Martha, the Sister of Lazarus

The gospel reading for 5th Sunday in Lent is the account of the raising of Lazarus from the dead (John 11:1-45). In yesterday’s post we considered the debate among Jesus and the disciples about returning to Galilee to attend to the illness of Lazarus. In today’s post we arrive in Bethany and Jesus’ dialogues with the sisters of Lazarus begin.

Upon their arrival in Bethany, Jesus’ assertion about Lazarus’ death (v.14) is confirmed. The four-day period underscores the finality of death. According to popular belief, the spirit of the person hovered around the body for three days after the death, hoping to reenter the body. But after the third day, when the soul “sees that the color of its face has changed,” the soul leaves the body for good (Gen. Rab. 100). When Jesus arrives fellow mourners had already arrived to console the grieving sisters – but they will also serve another purpose: witness.

What was implied in v.3 is now explicit in v.21: we were hoping that you would have come and saved our brother. Martha speaks these words to Jesus: “Lord, if you had been here, my brother would not have died” (v.21). We know what she says; what is unclear is how, with what tone, she says them.  Most often commentaries have the words carry the tone of regret yet in a faithful voice.  Too often one cannot imagine the tone being a basic complaint. Yet the complaining is the language of the psalms, the language of Job and so many other passages in the OT – it should not be so quickly dismissed. The complaining tone make the faith statement (v.22) even more pronounced.
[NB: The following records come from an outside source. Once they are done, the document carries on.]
lemma Lmc_ideal_Eminus:
  fixes \<A> :: "'a::{topological_space,times} set set"
  assumes left_cont: "\<And>s::'a. continuous_on UNIV ((*) s)" and zf: "z_filter \<A>"
  shows "Lmc_ideal (Eminus \<A>)"
proof -
  have "(\<lambda>x. 0) \<in> Eminus \<A>"
    using zf Lmc_const unfolding z_filter_def Eminus_def Eeps_def by auto
  moreover have "(\<lambda>x. c * f x) \<in> Eminus \<A>" if "f \<in> Eminus \<A>" for f c
    using Eminus_mult[OF left_cont zf that Lmc_const] .
  ultimately show ?thesis
    unfolding Lmc_ideal_def
    using Eminus_subset_Lmc Eminus_add[OF left_cont zf] Eminus_mult[OF left_cont zf] by blast
qed

lemma Eminus_neq_Lmc:
  assumes "z_filter \<A>"
  shows "Eminus \<A> \<noteq> Lmc"
proof
  assume "Eminus \<A> = Lmc"
  then have "(\<lambda>x. 1) \<in> Eminus \<A>"
    using Lmc_const by simp
  then have "Eeps (\<lambda>x. 1) (1/2) \<in> \<A>"
    unfolding Eminus_def by simp
  moreover have "Eeps (\<lambda>x. 1) (1/2) = {}"
    unfolding Eeps_def by simp
  ultimately show False
    using assms unfolding z_filter_def by metis
qed

lemma Lmc_idealD:
  assumes "Lmc_ideal J"
  shows "J \<subseteq> Lmc" and "(\<lambda>x. 0) \<in> J"
    and "\<And>f g. f \<in> J \<Longrightarrow> g \<in> J \<Longrightarrow> (\<lambda>x. f x + g x) \<in> J"
    and "\<And>f g. f \<in> J \<Longrightarrow> g \<in> Lmc \<Longrightarrow> (\<lambda>x. g x * f x) \<in> J"
  using assms unfolding Lmc_ideal_def by auto

lemma Lmc_ideal_eq_Lmc_if_bounded_below:
  fixes J :: "('a::{topological_space,times} \<Rightarrow> complex) set"
  assumes left_cont: "\<And>s::'a. continuous_on UNIV ((*) s)" and J: "Lmc_ideal J"
    and f: "f \<in> J" and "\<epsilon> > 0" and big: "\<And>x. \<epsilon> \<le> cmod (f x)"
  shows "J = Lmc"
proof -
  define h where "h = (\<lambda>z::complex. cnj z / complex_of_real ((max (cmod z) \<epsilon>)\<^sup>2))"
  have "continuous_on UNIV h"
    unfolding h_def using \<open>\<epsilon> > 0\<close> by (auto intro!: continuous_intros)
  then have "(\<lambda>x. h (f x)) \<in> Lmc"
    using f Lmc_idealD(1)[OF J] Lmc_continuous_compose[OF left_cont] by blast
  from Lmc_idealD(4)[OF J f this] have "(\<lambda>x. h (f x) * f x) \<in> J" .
  moreover have "h (f x) * f x = 1" for x
  proof -
    have "max (cmod (f x)) \<epsilon> = cmod (f x)" "f x \<noteq> 0"
      using big[of x] \<open>\<epsilon> > 0\<close> by auto
    then show ?thesis
      unfolding h_def using complex_norm_square[of "f x"] by (simp add: field_simps)
  qed
  ultimately have one: "(\<lambda>x. 1) \<in> J"
    by simp
  have "g \<in> J" if "g \<in> Lmc" for g
    using Lmc_idealD(4)[OF J one that] by simp
  with Lmc_idealD(1)[OF J] show ?thesis
    by blast
qed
Martha still believes that Jesus is the righteous man to whom God will listen (one need not move to rapidly to the confession of Jesus as Messiah in v.27).

Jesus’ response is simple and perhaps ambiguous: “You brother will rise.” These words could be taken to mean either ‘your brother will rise again in the general resurrection on the last day’ or ‘your brother will be restored to life immediately’.  Martha responds within the context of her Jewish beliefs asserting the belief in the general resurrection.
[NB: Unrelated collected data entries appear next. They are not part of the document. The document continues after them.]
lemma trG_consts:
  assumes "group G" "l1 \<in> Lam" "i1 \<in> I" "gconsts t \<subseteq> carrier G"
  shows "sconsts (trG G l1 i1 t) \<subseteq> rees_carrier G Lam I"
  using assms by (induction t) (auto simp: rees_carrier_def group.is_monoid monoid.one_closed)

lemma trG_system:
  assumes "group G" "l1 \<in> Lam" "i1 \<in> I" "g_system G n E"
  shows "s_system G Lam I n (map_prod (trG G l1 i1) (trG G l1 i1) ` E)"
  unfolding s_system_def
proof (intro ballI)
  fix x assume "x \<in> map_prod (trG G l1 i1) (trG G l1 i1) ` E"
  then obtain t s where ts: "(t, s) \<in> E" "x = (trG G l1 i1 t, trG G l1 i1 s)" by auto
  have "gvars t \<union> gvars s \<subseteq> {..<n}" "gconsts t \<subseteq> carrier G" "gconsts s \<subseteq> carrier G"
    using assms(4) ts(1) by (auto simp: g_system_def)
  then show "case x of (t, s) \<Rightarrow> svars t \<union> svars s \<subseteq> {..<n} \<and>
                 sconsts t \<union> sconsts s \<subseteq> rees_carrier G Lam I"
    using trG_consts[OF assms(1-3)] ts(2) by (simp add: trG_vars)
qed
To move her beyond the orthodoxy of the Pharisees, Jesus said to her, ‘I am the resurrection and the life; whoever believes in me, even if he dies, will live, and everyone who lives and believes in me will never die.’ This statement contains the fifth of seven different ‘I am’ sayings with predicates in the Fourth Gospel (6:35, 48, 51; 8:12; 10:7, 9; 10:11, 14; 11:25; 14:6; 15:1, 5). It involves three claims:

  1. Jesus himself is the resurrection and the life, i.e. the Father has given him to have life in himself and to bestow resurrection life upon whomever he will (5:21, 26).
  2. People who believe in him, even if they die (as Lazarus had done) will live—Jesus will raise them from death on the last day. What he would soon do for Lazarus would foreshadow the resurrection of the last day.
  3. People who live and believe in him will never die; not even death can break their relationship with God.

With these claims Jesus made himself central to the Jewish hope of the resurrection and eternal life, and by asking Martha, Do you believe this?, he encouraged her to recognize this.

Martha’s response is a confession of faith: “Yes, Lord. I have come to believe that you are the Messiah, the Son of God, the one who is coming into the world.” She had moved beyond her previous beliefs about Jesus’ righteousness (v.22) and the general Jewish beliefs (v.24). She accepts Jesus’ central role in bringing about the resurrection on the last day, adding that she believed he was the Christ, the Son of God, the one whom the Father had sent into the world. The title ‘the Son of God’ is now known to have been used as a messianic title among first-century Jews. Martha’s confession echoes Nathanael’s confession (1:49), and is of the status of Peter’s confession (6:68-69) and Thomas’ (20:28) and is an example of what the evangelist hopes will be evoked by his Gospel in the hearts and minds of his readers (20:31).